L’exposition ouvre avec deux salles consacrées aux œuvres du Caravage exécutées pendant sa période Romaine et qui révèlent une carrière aux multiples facettes. Les salles suivantes présentent  des œuvres de peintres du nord des Alpes qui ont pu étudier les œuvres du Caravage. Le résultat de cette appropriation se traduit de façons multiples, étant donné que chacun a apporté sa propre contribution tout en cherchant de nouveaux modes d’expression, tant dans l’art religieux, que profane. Les deux dernières salles sont consacrées à l’œuvre du Caravage et à ses disciples étrangers à Naples et dans le sud de l’Italie.

 

POUR MIEUX COMPRENDRE L’EXPOSITION

Entre 1600 et 1630 plus de deux mille artistes sont installés à Rome (un tiers sont des étrangers) et ils transforment la ville en un melting-pot artistique. Dans cet environnement, les peintres européens du Nord ont choisi de suivre le style du Caravage pour deux raisons principales: son utilisation moins importante des éléments classiques plus en rapport avec la tradition picturale du Nord, et la pertinence du style du Caravage dès lors que l’on se trouve en dehors d’un studio ou d’une académie de dessin.

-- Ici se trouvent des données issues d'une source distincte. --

(* Let $\Theta$ be a parameter set, where each $\theta\in\Theta$ determines a probability distribution $p_\theta$ over trajectories, and write $KL(\theta'\|\theta):=KL(p_{\theta'}\|p_\theta)$. Let $C:\Theta\to\mathbb{R}$ be a cost function, and for $\alpha>0$ let $J^{\alpha}(\theta)=\inf_{\theta'}\big(\alpha KL(\theta'\|\theta)+C(\theta')\big)$. For a step size $\mathcal{E}>0$ define the direct update $\Theta^{C}_{\mathcal{E}}(\theta)=\operatorname{argmin}_{\theta':\,KL(\theta'\|\theta)\le\mathcal{E}} C(\theta')$, the smoothed update $R^{J^\alpha}_{\mathcal{E}}(\theta)=\operatorname{argmin}_{\theta':\,KL(\theta'\|\theta)\le\mathcal{E}} J^{\alpha}(\theta')$, and the optimal two-step cost $$C^*_{\mathcal{E},\mathcal{E}'}(\theta)=\min_{\theta':\,KL(\theta'\|\theta)\le\mathcal{E}}\ \min_{\theta'':\,KL(\theta''\|\theta')\le\mathcal{E}'} C(\theta'')=\min_{\theta':\,KL(\theta'\|\theta)\le\mathcal{E}} C\big(\Theta^{C}_{\mathcal{E}'}(\theta')\big).$$ Then: (1) For every $\theta$, every $\mathcal{E}>0$ and every $\alpha>0$ there exists $\mathcal{E}'=\mathcal{E}'_\alpha(\theta)$ (depending on $\theta$ and $\alpha$) such that, setting $\Theta'=R^{J^\alpha}_{\mathcal{E}}(\theta)$ and $\Theta''=\Theta^{C}_{\mathcal{E}'}(\Theta')$, one has $C(\Theta'')=C^*_{\mathcal{E},\mathcal{E}'}(\theta)$; i.e. a smoothed update with step size $\mathcal{E}$ followed by a direct update with step size $\mathcal{E}'$ is an optimal two-step update. (2) The step size $\mathcal{E}'_\alpha(\theta)$ in (1) is monotonically decreasing (non-increasing) as a function of $\alpha$.
   Context: All minima, infima and argmins appearing above are assumed to be attained (the paper treats them as well-defined minimizers). The quantity $KL(\theta'\|\theta)$ is the Kullback–Leibler divergence between the trajectory distributions induced by the parameters $\theta'$ and $\theta$, and is nonnegative with $KL(\theta\|\theta)=0$. *)

theory Defs
  imports Complex_Main
begin

text \<open>Parameters live in an abstract type 'p. The divergence is given as an abstract
function KL, where KL t' t stands for KL(t' || t) = KL(p_t' || p_t).\<close>

definition is_min_on :: "('p \<Rightarrow> real) \<Rightarrow> 'p set \<Rightarrow> 'p \<Rightarrow> bool" where
  "is_min_on f S x \<longleftrightarrow> x \<in> S \<and> (\<forall>y\<in>S. f x \<le> f y)"

definition KL_ball :: "('p \<Rightarrow> 'p \<Rightarrow> real) \<Rightarrow> real \<Rightarrow> 'p \<Rightarrow> 'p set" where
  "KL_ball KL r t = {t'. KL t' t \<le> r}"

definition Jsmooth :: "('p \<Rightarrow> 'p \<Rightarrow> real) \<Rightarrow> ('p \<Rightarrow> real) \<Rightarrow> real \<Rightarrow> 'p \<Rightarrow> real" where
  "Jsmooth KL C \<alpha> t = (INF t'. \<alpha> * KL t' t + C t')"

text \<open>Optimal value of a direct update: min of C over the KL ball of radius r around t.\<close>
definition ball_min :: "('p \<Rightarrow> 'p \<Rightarrow> real) \<Rightarrow> ('p \<Rightarrow> real) \<Rightarrow> real \<Rightarrow> 'p \<Rightarrow> real" where
  "ball_min KL C r t = (INF t'' \<in> KL_ball KL r t. C t'')"

definition Cstar :: "('p \<Rightarrow> 'p \<Rightarrow> real) \<Rightarrow> ('p \<Rightarrow> real) \<Rightarrow> real \<Rightarrow> real \<Rightarrow> 'p \<Rightarrow> real" where
  "Cstar KL C E E' t = (INF t' \<in> KL_ball KL E t. ball_min KL C E' t')"

end

theory Submission
  imports Defs
begin

text \<open>Let \<open>R\<close> minimise \<open>J\<^sup>\<alpha>\<close> over the \<open>E\<close>-ball around \<open>\<theta>\<close>, let \<open>s\<close> attain
  \<open>J\<^sup>\<alpha>(R) = \<alpha> KL(s\<parallel>R) + C(s)\<close> and put \<open>e = KL(s\<parallel>R)\<close>. Bounding \<open>J\<^sup>\<alpha>\<close> at an optimal first
  step of the two-step problem with radius \<open>r\<close> gives \<open>J\<^sup>\<alpha>(R) \<le> \<alpha> r + C\<^sup>*\<^sub>E\<^sub>,\<^sub>r(\<theta>)\<close>, while \<open>s\<close>
  lies in the \<open>e\<close>-ball around \<open>R\<close>, so \<open>C\<^sup>*\<^sub>E\<^sub>,\<^sub>e(\<theta>) \<le> C(s)\<close>. Hence \<open>C(s) = C\<^sup>*\<^sub>E\<^sub>,\<^sub>e(\<theta>)\<close>:
  a direct step of size \<open>e\<close> from \<open>R\<close> is an optimal two-step update, and \<open>e\<close> minimises
  \<open>r \<mapsto> \<alpha> r + C\<^sup>*\<^sub>E\<^sub>,\<^sub>r(\<theta>)\<close> over \<open>r \<ge> 0\<close>. Minimisers of a linearly penalised function
  cannot increase with the penalty weight \<open>\<alpha>\<close>.\<close>

lemma is_min_on_INF:
  fixes f :: "'a \<Rightarrow> real"
  assumes "is_min_on f S x"
  shows "(INF y\<in>S. f y) = f x"
  using assms unfolding is_min_on_def by (intro cInf_eq_minimum) auto

lemma INF_le_of_is_min_on:
  fixes f :: "'a \<Rightarrow> real"
  assumes "is_min_on f S m" and "y \<in> S"
  shows "(INF x\<in>S. f x) \<le> f y"
  using assms by (simp add: is_min_on_INF is_min_on_def)

lemma is_min_on_penalized_antitone:
  fixes \<phi> :: "real \<Rightarrow> real"
  assumes x: "is_min_on (\<lambda>r. \<alpha> * r + \<phi> r) S x"
    and y: "is_min_on (\<lambda>r. \<beta> * r + \<phi> r) S y"
    and "\<alpha> < \<beta>"
  shows "y \<le> x"
proof -
  have "\<alpha> * x + \<phi> x \<le> \<alpha> * y + \<phi> y" "\<beta> * y + \<phi> y \<le> \<beta> * x + \<phi> x"
    using x y unfolding is_min_on_def by auto
  then have "(\<beta> - \<alpha>) * (y - x) \<le> 0"
    by (simp add: algebra_simps)
  with \<open>\<alpha> < \<beta>\<close> show ?thesis
    by (simp add: mult_le_0_iff)
qed

locale KL_minima_attained =
  fixes KL :: "'p \<Rightarrow> 'p \<Rightarrow> real" and C :: "'p \<Rightarrow> real"
  assumes KL_nonneg: "KL t' t \<ge> 0"
    and penalized_attained: "\<alpha> > 0 \<Longrightarrow> \<exists>m. is_min_on (\<lambda>s. \<alpha> * KL s t + C s) UNIV m"
    and C_attained: "r \<ge> 0 \<Longrightarrow> \<exists>m. is_min_on C (KL_ball KL r t) m"
    and ball_min_attained:
      "r > 0 \<Longrightarrow> r' \<ge> 0 \<Longrightarrow> \<exists>m. is_min_on (ball_min KL C r') (KL_ball KL r t) m"
begin

lemma Jsmooth_le: "\<alpha> > 0 \<Longrightarrow> Jsmooth KL C \<alpha> t \<le> \<alpha> * KL x t + C x"
  unfolding Jsmooth_def using penalized_attained by (blast intro: INF_le_of_is_min_on)

lemma ball_min_le: "x \<in> KL_ball KL r t \<Longrightarrow> ball_min KL C r t \<le> C x"
  unfolding ball_min_def
  using C_attained order_trans[OF KL_nonneg] by (fastforce simp: KL_ball_def intro: INF_le_of_is_min_on)

lemma Cstar_le_ball_min:
  "E > 0 \<Longrightarrow> r \<ge> 0 \<Longrightarrow> t \<in> KL_ball KL E \<theta> \<Longrightarrow> Cstar KL C E r \<theta> \<le> ball_min KL C r t"
  unfolding Cstar_def using ball_min_attained by (blast intro: INF_le_of_is_min_on)

lemma Jsmooth_le_penalized_ball_min:
  assumes "\<alpha> > 0" and "r \<ge> 0"
  shows "Jsmooth KL C \<alpha> t \<le> \<alpha> * r + ball_min KL C r t"
proof -
  obtain u where u: "is_min_on C (KL_ball KL r t) u"
    using C_attained[OF \<open>r \<ge> 0\<close>] by blast
  have "Jsmooth KL C \<alpha> t \<le> \<alpha> * KL u t + C u"
    using \<open>\<alpha> > 0\<close> by (rule Jsmooth_le)
  also have "\<dots> \<le> \<alpha> * r + C u"
    using u \<open>\<alpha> > 0\<close> by (simp add: is_min_on_def KL_ball_def)
  finally show ?thesis
    unfolding ball_min_def is_min_on_INF[OF u] .
qed

lemma Jsmooth_min_le_penalized_Cstar:
  assumes "\<alpha> > 0" and "E > 0" and "r \<ge> 0"
    and R_min: "is_min_on (Jsmooth KL C \<alpha>) (KL_ball KL E \<theta>) R"
  shows "Jsmooth KL C \<alpha> R \<le> \<alpha> * r + Cstar KL C E r \<theta>"
proof -
  obtain t where t: "is_min_on (ball_min KL C r) (KL_ball KL E \<theta>) t"
    using ball_min_attained[OF \<open>E > 0\<close> \<open>r \<ge> 0\<close>] by blast
  have "Jsmooth KL C \<alpha> R \<le> Jsmooth KL C \<alpha> t"
    using R_min t by (simp add: is_min_on_def)
  also have "\<dots> \<le> \<alpha> * r + ball_min KL C r t"
    using \<open>\<alpha> > 0\<close> \<open>r \<ge> 0\<close> by (rule Jsmooth_le_penalized_ball_min)
  finally show ?thesis
    unfolding Cstar_def is_min_on_INF[OF t] .
qed

context
  fixes \<alpha> E \<theta> R s
  assumes \<alpha>_pos: "\<alpha> > 0" and E_pos: "E > 0"
    and R_min: "is_min_on (Jsmooth KL C \<alpha>) (KL_ball KL E \<theta>) R"
    and s_min: "is_min_on (\<lambda>x. \<alpha> * KL x R + C x) UNIV s"
begin

lemma Jsmooth_min_eq: "Jsmooth KL C \<alpha> R = \<alpha> * KL s R + C s"
  unfolding Jsmooth_def using is_min_on_INF[OF s_min] by simp

lemma Cstar_step_eq:
  shows "Cstar KL C E (KL s R) \<theta> = C s" and "ball_min KL C (KL s R) R = C s"
proof -
  have "Cstar KL C E (KL s R) \<theta> \<le> ball_min KL C (KL s R) R"
    using R_min by (intro Cstar_le_ball_min E_pos KL_nonneg) (simp add: is_min_on_def)
  moreover have "ball_min KL C (KL s R) R \<le> C s"
    by (rule ball_min_le) (simp add: KL_ball_def)
  moreover have "C s \<le> Cstar KL C E (KL s R) \<theta>"
    using Jsmooth_min_le_penalized_Cstar[OF \<alpha>_pos E_pos KL_nonneg[of s R] R_min]
    by (simp add: Jsmooth_min_eq)
  ultimately show "Cstar KL C E (KL s R) \<theta> = C s" and "ball_min KL C (KL s R) R = C s"
    by linarith+
qed

lemma step_minimizes_penalized_Cstar:
  "is_min_on (\<lambda>r. \<alpha> * r + Cstar KL C E r \<theta>) {0..} (KL s R)"
  using Jsmooth_min_le_penalized_Cstar[OF \<alpha>_pos E_pos _ R_min]
  by (simp add: is_min_on_def KL_nonneg Cstar_step_eq(1) flip: Jsmooth_min_eq)

lemma direct_step_optimal:
  assumes "is_min_on C (KL_ball KL (KL s R) R) t"
  shows "C t = Cstar KL C E (KL s R) \<theta>"
  using Cstar_step_eq is_min_on_INF[OF assms] by (simp add: ball_min_def)

end

end

theorem theorem1:
  fixes KL :: "'p \<Rightarrow> 'p \<Rightarrow> real" and C :: "'p \<Rightarrow> real"
  assumes KL_nonneg: "\<And>t' t. KL t' t \<ge> 0"
    and KL_self: "\<And>t. KL t t = 0"
    \<comment> \<open>all minima/infima are attained\<close>
    and J_attained: "\<And>\<alpha> t. \<alpha> > 0 \<Longrightarrow> \<exists>t'. is_min_on (\<lambda>s. \<alpha> * KL s t + C s) UNIV t'"
    and C_attained: "\<And>r t. r \<ge> 0 \<Longrightarrow> \<exists>t''. is_min_on C (KL_ball KL r t) t''"
    and JC_attained: "\<And>\<alpha> r t. \<alpha> > 0 \<Longrightarrow> r > 0 \<Longrightarrow>
                        \<exists>t'. is_min_on (Jsmooth KL C \<alpha>) (KL_ball KL r t) t'"
    and Cstar_attained: "\<And>r r' t. r > 0 \<Longrightarrow> r' \<ge> 0 \<Longrightarrow>
                        \<exists>t'. is_min_on (ball_min KL C r') (KL_ball KL r t) t'"
  assumes E_pos: "E > 0"
    \<comment> \<open>R \<alpha> is the smoothed update R^{J^\<alpha>}_E(\<theta>) (a chosen minimizer, for each \<alpha> > 0)\<close>
    and R_min: "\<And>\<alpha>. \<alpha> > 0 \<Longrightarrow> is_min_on (Jsmooth KL C \<alpha>) (KL_ball KL E \<theta>) (R \<alpha>)"
  shows "\<exists>E' :: real \<Rightarrow> real.
           (\<forall>\<alpha>>0. E' \<alpha> \<ge> 0 \<and>
              (\<forall>\<theta>''. is_min_on C (KL_ball KL (E' \<alpha>) (R \<alpha>)) \<theta>'' \<longrightarrow>
                  C \<theta>'' = Cstar KL C E (E' \<alpha>) \<theta>)) \<and>
           (\<forall>\<alpha> \<beta>. 0 < \<alpha> \<longrightarrow> \<alpha> \<le> \<beta> \<longrightarrow> E' \<beta> \<le> E' \<alpha>)"
proof -
  interpret kl: KL_minima_attained KL C
    using KL_nonneg J_attained C_attained Cstar_attained by unfold_locales
  define s where "s \<alpha> = (SOME s. is_min_on (\<lambda>x. \<alpha> * KL x (R \<alpha>) + C x) UNIV s)" for \<alpha>
  have s_min: "is_min_on (\<lambda>x. \<alpha> * KL x (R \<alpha>) + C x) UNIV (s \<alpha>)" if "\<alpha> > 0" for \<alpha>
    unfolding s_def using J_attained[OF that] by (rule someI_ex)
  have step_min: "is_min_on (\<lambda>r. \<alpha> * r + Cstar KL C E r \<theta>) {0..} (KL (s \<alpha>) (R \<alpha>))"
    if "\<alpha> > 0" for \<alpha>
    using that E_pos R_min[OF that] s_min[OF that] by (rule kl.step_minimizes_penalized_Cstar)
  show ?thesis
  proof (intro exI[of _ "\<lambda>\<alpha>. KL (s \<alpha>) (R \<alpha>)"] conjI allI impI)
    fix \<alpha> \<beta> :: real
    assume "0 < \<alpha>" "\<alpha> \<le> \<beta>"
    then show "KL (s \<beta>) (R \<beta>) \<le> KL (s \<alpha>) (R \<alpha>)"
      using is_min_on_penalized_antitone[OF step_min step_min, of \<alpha> \<beta>]
      by (cases "\<alpha> = \<beta>") auto
  qed (use KL_nonneg kl.direct_step_optimal[OF _ E_pos R_min s_min] in auto)
qed

end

Aux Pays-Bas et dans les régions germaniques l’observation des éléments vivants est  une tradition bien ancrée. Cela établi un lien avec le mode de travail caractéristique du Caravage, une approche que les artistes ayant une formation classique jugées insuffisantes en ce qu’elle représentait un obstacle à la réalisation de la perfection dans l’art.

En outre, la plupart des peintres Néerlandais, Flamand et Français installés à Rome avaient reçu une formation de base en dessin et peinture dans leurs régions d’origine et étaient particulièrement intéressés par assimiler rapidement de nouvelles idées. L’art du Caravage les attirait, non seulement parce qu’il leur offrant la possibilité de travailler à partir d’éléments vivants, mais aussi pour l’utilisation importante de la lumière, l’ombre et la couleur. Les peintres étrangers étaient ainsi en mesure d’assimiler ce style par eux-mêmes sans devoir passer par les restrictions qu’impliquait un programme d’étude classique.

 

BIOGRAPHIE DU CARAVAGE

Caravage Portrait
Portrait du Caravage

Peintre italien né à Milan en 1571, Michelangelo Merisi da Caravaggio, dit le Caravage, est resté célèbre pour l’évolution qu’il a insufflée à la peinture de la Renaissance, en s’affranchissant du maniérisme et en se constituant un style personnel : le caravagisme, mêlant le goût pour le naturalisme et l’utilisation du clair-obscur.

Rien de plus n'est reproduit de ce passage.